(* Let $\mathbb{k}$ be a field of characteristic $0$ containing a primitive $n$-th root of unity $\omega$, let $H=T_{n^2}(\omega)$ be the Taft Hopf algebra and $A=A_n(\omega)=\mathbb{k}[z]/(z^n-\omega)=\mathbb{k}[u]$, with $u$ the image of $z$. Equip $A$ with the left $H$-module algebra structure determined by $g\cdot u=\omega u$, $x\cdot u=1$, and the left $H$-comodule algebra structure $\rho:A\to H\otimes A$ determined by $\rho(u)=\sum_{i=0}^{n-1}a_i\,x^ig^{-(i+1)}\otimes u^{i+1}$ with $a_i=(\omega-1)^i\omega^{i(i+1)/2}$. Then, for any $n$, $A$ is commutative in the braided category ${}^H_H\mathcal{YD}$, i.e. for all $a,b\in A$, $$ab=\sum (a_{-1}\cdot b)\,a_0,$$ where $\rho(a)=\sum a_{-1}\otimes a_0$.
   Context: The Taft Hopf algebra is $H=T_{n^2}(\omega)=\mathbb{k}\langle x,g\mid x^n=0,\ g^n=1,\ xg=\omega gx\rangle$ with $\Delta(g)=g\otimes g$, $\Delta(x)=x\otimes 1+g\otimes x$, $\epsilon(g)=1$, $\epsilon(x)=0$. ${}^H_H\mathcal{YD}$ is the category of left-left Yetter–Drinfeld modules over $H$, braided by $\tau(m\otimes n)=\sum(m_{-1}\cdot n)\otimes m_0$; an algebra $A$ in this category is commutative in it if $m_A=m_A\circ\tau$. Module algebra means $h\cdot(ab)=\sum(h_1\cdot a)(h_2\cdot b)$, $h\cdot1=\epsilon(h)1$; comodule algebra means $\rho$ is an algebra map with $(\mathrm{id}\otimes\rho)\rho=(\Delta\otimes\mathrm{id})\rho$. *)

theory Defs
  imports Main
begin

text \<open>Elements of A = k[u], u^n = omega, are coefficient functions nat => k (coefficient of u^m, m < n).
  Elements of H = T_{n^2}(omega) are coefficient functions nat => nat => k
  (coefficient of the PBW basis element g^i x^j, i, j < n).
  Elements of H (x) A are coefficient functions nat => nat => nat => k
  (coefficient of g^i x^j (x) u^m).\<close>

definition primitive_root_of_unity :: "nat \<Rightarrow> 'k::field \<Rightarrow> bool" where
  "primitive_root_of_unity n \<omega> \<longleftrightarrow> \<omega> ^ n = 1 \<and> (\<forall>k. 0 < k \<and> k < n \<longrightarrow> \<omega> ^ k \<noteq> 1)"

definition uA :: "nat \<Rightarrow> nat \<Rightarrow> 'k::field" where
  "uA k = (\<lambda>m. if m = k then 1 else 0)"

text \<open>Multiplication in A = k[z]/(z^n - omega): u^i u^j = u^(i+j) if i+j<n, = omega u^(i+j-n) otherwise.\<close>
definition mulA :: "nat \<Rightarrow> 'k::field \<Rightarrow> (nat \<Rightarrow> 'k) \<Rightarrow> (nat \<Rightarrow> 'k) \<Rightarrow> nat \<Rightarrow> 'k" where
  "mulA n \<omega> a b = (\<lambda>m. \<Sum>i<n. \<Sum>j<n.
      if (i + j) mod n = m then a i * b j * (if n \<le> i + j then \<omega> else 1) else 0)"

definition powA :: "nat \<Rightarrow> 'k::field \<Rightarrow> (nat \<Rightarrow> 'k) \<Rightarrow> nat \<Rightarrow> nat \<Rightarrow> 'k" where
  "powA n \<omega> a k = (mulA n \<omega> a ^^ k) (uA 0)"

text \<open>The action of g: algebra automorphism with g.u = omega u, so g.(u^k) = (g.u)^k, extended linearly.\<close>
definition gact :: "nat \<Rightarrow> 'k::field \<Rightarrow> (nat \<Rightarrow> 'k) \<Rightarrow> nat \<Rightarrow> 'k" where
  "gact n \<omega> a = (\<lambda>m. \<Sum>k<n. a k * powA n \<omega> (\<lambda>l. \<omega> * uA 1 l) k m)"

text \<open>The action of x on the basis u^k, determined by x.1 = 0, x.u = 1 and the module algebra
  rule x.(u u^k) = (x.u) u^k + (g.u)(x.u^k) (since Delta x = x (x) 1 + g (x) x).\<close>
fun xbasis :: "nat \<Rightarrow> 'k::field \<Rightarrow> nat \<Rightarrow> nat \<Rightarrow> 'k" where
  "xbasis n \<omega> 0 = (\<lambda>m. 0)"
| "xbasis n \<omega> (Suc k) = (\<lambda>m. mulA n \<omega> (uA 0) (powA n \<omega> (uA 1) k) m
                          + mulA n \<omega> (\<lambda>l. \<omega> * uA 1 l) (xbasis n \<omega> k) m)"

definition xact :: "nat \<Rightarrow> 'k::field \<Rightarrow> (nat \<Rightarrow> 'k) \<Rightarrow> nat \<Rightarrow> 'k" where
  "xact n \<omega> a = (\<lambda>m. \<Sum>k<n. a k * xbasis n \<omega> k m)"

definition actH :: "nat \<Rightarrow> 'k::field \<Rightarrow> (nat \<Rightarrow> nat \<Rightarrow> 'k) \<Rightarrow> (nat \<Rightarrow> 'k) \<Rightarrow> nat \<Rightarrow> 'k" where
  "actH n \<omega> h a = (\<lambda>m. \<Sum>i<n. \<Sum>j<n. h i j * ((gact n \<omega> ^^ i) ((xact n \<omega> ^^ j) a)) m)"

definition basisH :: "nat \<Rightarrow> nat \<Rightarrow> nat \<Rightarrow> nat \<Rightarrow> 'k::field" where
  "basisH c e = (\<lambda>i j. if i = c \<and> j = e then 1 else 0)"

text \<open>Multiplication in H: (g^a x^b)(g^c x^d) = omega^(bc) g^(a+c mod n) x^(b+d), with x^(b+d) = 0 if b+d >= n
  (from x g = omega g x, g^n = 1, x^n = 0).\<close>
definition mulH :: "nat \<Rightarrow> 'k::field \<Rightarrow> (nat \<Rightarrow> nat \<Rightarrow> 'k) \<Rightarrow> (nat \<Rightarrow> nat \<Rightarrow> 'k) \<Rightarrow> nat \<Rightarrow> nat \<Rightarrow> 'k" where
  "mulH n \<omega> h h' = (\<lambda>c e. \<Sum>a<n. \<Sum>b<n. \<Sum>c'<n. \<Sum>d<n.
      if (a + c') mod n = c \<and> b + d = e \<and> e < n then h a b * h' c' d * \<omega> ^ (b * c') else 0)"

definition mulHA :: "nat \<Rightarrow> 'k::field \<Rightarrow> (nat \<Rightarrow> nat \<Rightarrow> nat \<Rightarrow> 'k) \<Rightarrow> (nat \<Rightarrow> nat \<Rightarrow> nat \<Rightarrow> 'k)
    \<Rightarrow> nat \<Rightarrow> nat \<Rightarrow> nat \<Rightarrow> 'k" where
  "mulHA n \<omega> t t' = (\<lambda>c e m. \<Sum>a<n. \<Sum>b<n. \<Sum>k<n. \<Sum>c'<n. \<Sum>d<n. \<Sum>k'<n.
      if (a + c') mod n = c \<and> b + d = e \<and> e < n \<and> (k + k') mod n = m
      then t a b k * t' c' d k' * \<omega> ^ (b * c') * (if n \<le> k + k' then \<omega> else 1) else 0)"

definition unitHA :: "nat \<Rightarrow> nat \<Rightarrow> nat \<Rightarrow> 'k::field" where
  "unitHA = (\<lambda>i j k. if i = 0 \<and> j = 0 \<and> k = 0 then 1 else 0)"

definition tensorHA :: "(nat \<Rightarrow> nat \<Rightarrow> 'k::field) \<Rightarrow> (nat \<Rightarrow> 'k) \<Rightarrow> nat \<Rightarrow> nat \<Rightarrow> nat \<Rightarrow> 'k" where
  "tensorHA h a = (\<lambda>i j k. h i j * a k)"

definition xpowH :: "nat \<Rightarrow> nat \<Rightarrow> nat \<Rightarrow> nat \<Rightarrow> 'k::field" where
  "xpowH n i = (\<lambda>a b. if a = 0 \<and> b = i \<and> i < n then 1 else 0)"

definition gpowH :: "nat \<Rightarrow> nat \<Rightarrow> nat \<Rightarrow> nat \<Rightarrow> 'k::field" where
  "gpowH n m = (\<lambda>a b. if a = m mod n \<and> b = 0 then 1 else 0)"

definition taft_coef :: "'k::field \<Rightarrow> nat \<Rightarrow> 'k" where
  "taft_coef \<omega> i = (\<omega> - 1) ^ i * \<omega> ^ (i * (i + 1) div 2)"

text \<open>rho(u) = sum_{i<n} a_i x^i g^{-(i+1)} (x) u^(i+1); note g^{-(i+1)} = g^(n-(i+1)) as g^n = 1.\<close>
definition rho_u :: "nat \<Rightarrow> 'k::field \<Rightarrow> nat \<Rightarrow> nat \<Rightarrow> nat \<Rightarrow> 'k" where
  "rho_u n \<omega> = (\<lambda>c e m. \<Sum>i<n. taft_coef \<omega> i *
      tensorHA (mulH n \<omega> (xpowH n i) (gpowH n (n - (i + 1)))) (powA n \<omega> (uA 1) (i + 1)) c e m)"

text \<open>The coaction: an algebra map, so rho(u^k) = rho(u)^k, extended linearly.\<close>
definition rhoA :: "nat \<Rightarrow> 'k::field \<Rightarrow> (nat \<Rightarrow> 'k) \<Rightarrow> nat \<Rightarrow> nat \<Rightarrow> nat \<Rightarrow> 'k" where
  "rhoA n \<omega> a = (\<lambda>c e m. \<Sum>k<n. a k * ((mulHA n \<omega> (rho_u n \<omega>) ^^ k) unitHA) c e m)"

end

theory Submission
  imports Defs
begin

text \<open>Write \<open>\<Phi>(T)(b) = \<Sum> T(c,e,k) (g^c x^e \<cdot> b) u^k\<close> for \<open>T \<in> H \<otimes> A\<close> and \<open>b \<in> A\<close>
  (this is \<open>braid_mult\<close>), so that the claim reads \<open>a b = \<Phi>(\<rho>(a))(b)\<close>. Because the action of
  \<open>H\<close> on \<open>A\<close> respects \<open>x g = \<omega> g x\<close>, \<open>\<Phi>\<close> turns products in \<open>H \<otimes> A\<close> into iterated actions:
  \<open>\<Phi>(S T)(b) = \<Sum> T(c,e,k) \<Phi>(S)(g^c x^e \<cdot> b) u^k\<close>. Hence, if \<open>\<Phi>(S)\<close> is left multiplication
  by \<open>s\<close>, then \<open>\<Phi>(S T) = s \<Phi>(T)\<close>. The one genuine computation is \<open>\<Phi>(\<rho>(u))(b) = u b\<close>;
  it reduces to the telescoping identity
  \<open>\<Sum>i\<le>q. a_i \<omega>^(-(i+1)q) [q]_\<omega> [q-1]_\<omega> \<cdots> [q-i+1]_\<omega> = 1\<close> for the Taft coefficients.
  As \<open>\<rho>\<close> is multiplicative, induction gives \<open>\<Phi>(\<rho>(u^p))(b) = u^p b\<close>, and linearity in \<open>a\<close>
  finishes the proof.\<close>

declare One_nat_def [simp del] \<comment> \<open>otherwise the generator \<open>uA 1\<close> is rewritten to \<open>uA (Suc 0)\<close>\<close>

lemma sum_if_const_cond: "(\<Sum>x\<in>A. if P then f x else 0) = (if P then sum f A else 0)"
  by simp

lemma sum_lessThan_delta3:
  fixes n :: nat
  shows "(\<Sum>c<n. \<Sum>e<n. \<Sum>k<n. if c = c0 \<and> e = e0 \<and> k = k0 then F c e k else 0)
     = (if c0 < n \<and> e0 < n \<and> k0 < n then F c0 e0 k0 else 0)"
proof -
  have "(if c = c0 \<and> e = e0 \<and> k = k0 then F c e k else 0) =
      (if c = c0 then if e = e0 then if k = k0 then F c e k else 0 else 0 else 0)" for c e k
    by simp
  then show ?thesis by (simp add: sum_if_const_cond)
qed

lemma sum_move_in2: "(\<Sum>x\<in>A. \<Sum>y\<in>B. \<Sum>z\<in>C. f x y z) = (\<Sum>y\<in>B. \<Sum>z\<in>C. \<Sum>x\<in>A. f x y z)"
  by (subst sum.swap) (rule sum.cong[OF refl], rule sum.swap)

lemma sum_move_in3:
  "(\<Sum>x\<in>A. \<Sum>y\<in>B. \<Sum>z\<in>C. \<Sum>w\<in>D. f x y z w) = (\<Sum>y\<in>B. \<Sum>z\<in>C. \<Sum>w\<in>D. \<Sum>x\<in>A. f x y z w)"
  by (subst sum.swap) (rule sum.cong[OF refl], rule sum_move_in2)

lemma sum_nested3_cartesian:
  "(\<Sum>x\<in>A. \<Sum>y\<in>B. \<Sum>z\<in>C. f x y z) = (\<Sum>(x, y, z)\<in>A \<times> B \<times> C. f x y z)"
  by (simp add: sum.cartesian_product)

lemma sum_swap_nested3:
  "(\<Sum>x\<in>A. \<Sum>y\<in>B. \<Sum>z\<in>C. \<Sum>u\<in>D. \<Sum>v\<in>E. \<Sum>w\<in>F. f x y z u v w) =
   (\<Sum>u\<in>D. \<Sum>v\<in>E. \<Sum>w\<in>F. \<Sum>x\<in>A. \<Sum>y\<in>B. \<Sum>z\<in>C. f x y z u v w)"
  unfolding sum_nested3_cartesian[where A=A] sum_nested3_cartesian[where A=D] split_def
  by (rule sum.swap)

lemma power_mod_exp:
  fixes \<omega> :: "'a::monoid_mult"
  assumes "\<omega> ^ n = 1"
  shows "\<omega> ^ (x mod n) = \<omega> ^ x"
proof -
  have "\<omega> ^ x = \<omega> ^ (x mod n) * (\<omega> ^ n) ^ (x div n)"
    by (metis mod_mult_div_eq power_add power_mult)
  then show ?thesis using assms by simp
qed

section \<open>The algebra \<open>A\<close>\<close>

definition supported :: "nat \<Rightarrow> (nat \<Rightarrow> 'k::zero) \<Rightarrow> bool" where
  "supported n f \<longleftrightarrow> (\<forall>k\<ge>n. f k = 0)"

abbreviation upow :: "nat \<Rightarrow> 'k::field \<Rightarrow> nat \<Rightarrow> nat \<Rightarrow> 'k" where
  "upow n \<omega> p \<equiv> powA n \<omega> (uA 1) p"

lemma mulA_comm: "mulA n \<omega> a b = mulA n \<omega> b a"
  unfolding mulA_def by (subst sum.swap) (intro ext sum.cong refl, simp add: ac_simps)

lemma mulA_smult_left: "mulA n \<omega> (\<lambda>l. c * f l) g = (\<lambda>m. c * mulA n \<omega> f g m)"
  unfolding mulA_def sum_distrib_left by (intro ext sum.cong refl) (auto simp: mult_ac)

lemma mulA_smult_right: "mulA n \<omega> g (\<lambda>l. c * f l) = (\<lambda>m. c * mulA n \<omega> g f m)"
  by (metis mulA_comm mulA_smult_left)

lemma mulA_sum_left: "mulA n \<omega> (\<lambda>l. \<Sum>p\<in>P. f p l) g = (\<lambda>m. \<Sum>p\<in>P. mulA n \<omega> (f p) g m)"
proof
  fix m
  have distr: "(if (i + j) mod n = m then (\<Sum>p\<in>P. f p i) * g j * w else 0)
      = (\<Sum>p\<in>P. if (i + j) mod n = m then f p i * g j * w else 0)" for i j and w :: 'a
    by (simp add: sum_distrib_right)
  show "mulA n \<omega> (\<lambda>l. \<Sum>p\<in>P. f p l) g m = (\<Sum>p\<in>P. mulA n \<omega> (f p) g m)"
    unfolding mulA_def distr by (rule sum_move_in2[symmetric])
qed

lemma mulA_sum_right: "mulA n \<omega> g (\<lambda>l. \<Sum>p\<in>P. f p l) = (\<lambda>m. \<Sum>p\<in>P. mulA n \<omega> g (f p) m)"
  by (simp add: mulA_comm[of n \<omega> g] mulA_sum_left)

lemma mulA_uA_left:
  assumes "i < n"
  shows "mulA n \<omega> (uA i) b m = (\<Sum>j<n. if (i + j) mod n = m then b j * (if n \<le> i + j then \<omega> else 1) else 0)"
proof -
  have "(if (i' + j) mod n = m then uA i i' * b j * (if n \<le> i' + j then \<omega> else 1) else 0)
      = (if i' = i then (if (i + j) mod n = m then b j * (if n \<le> i + j then \<omega> else 1) else 0) else 0)"
    for i' j
    by (simp add: uA_def)
  then show ?thesis using assms unfolding mulA_def by (simp add: sum_if_const_cond)
qed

--- Task description ---
In the listing above, find every line with the word "longleftrightarrow" and copy it.

--- Task result ---
  "primitive_root_of_unity n \<omega> \<longleftrightarrow> \<omega> ^ n = 1 \<and> (\<forall>k. 0 < k \<and> k < n \<longrightarrow> \<omega> ^ k \<noteq> 1)"
  "supported n f \<longleftrightarrow> (\<forall>k\<ge>n. f k = 0)"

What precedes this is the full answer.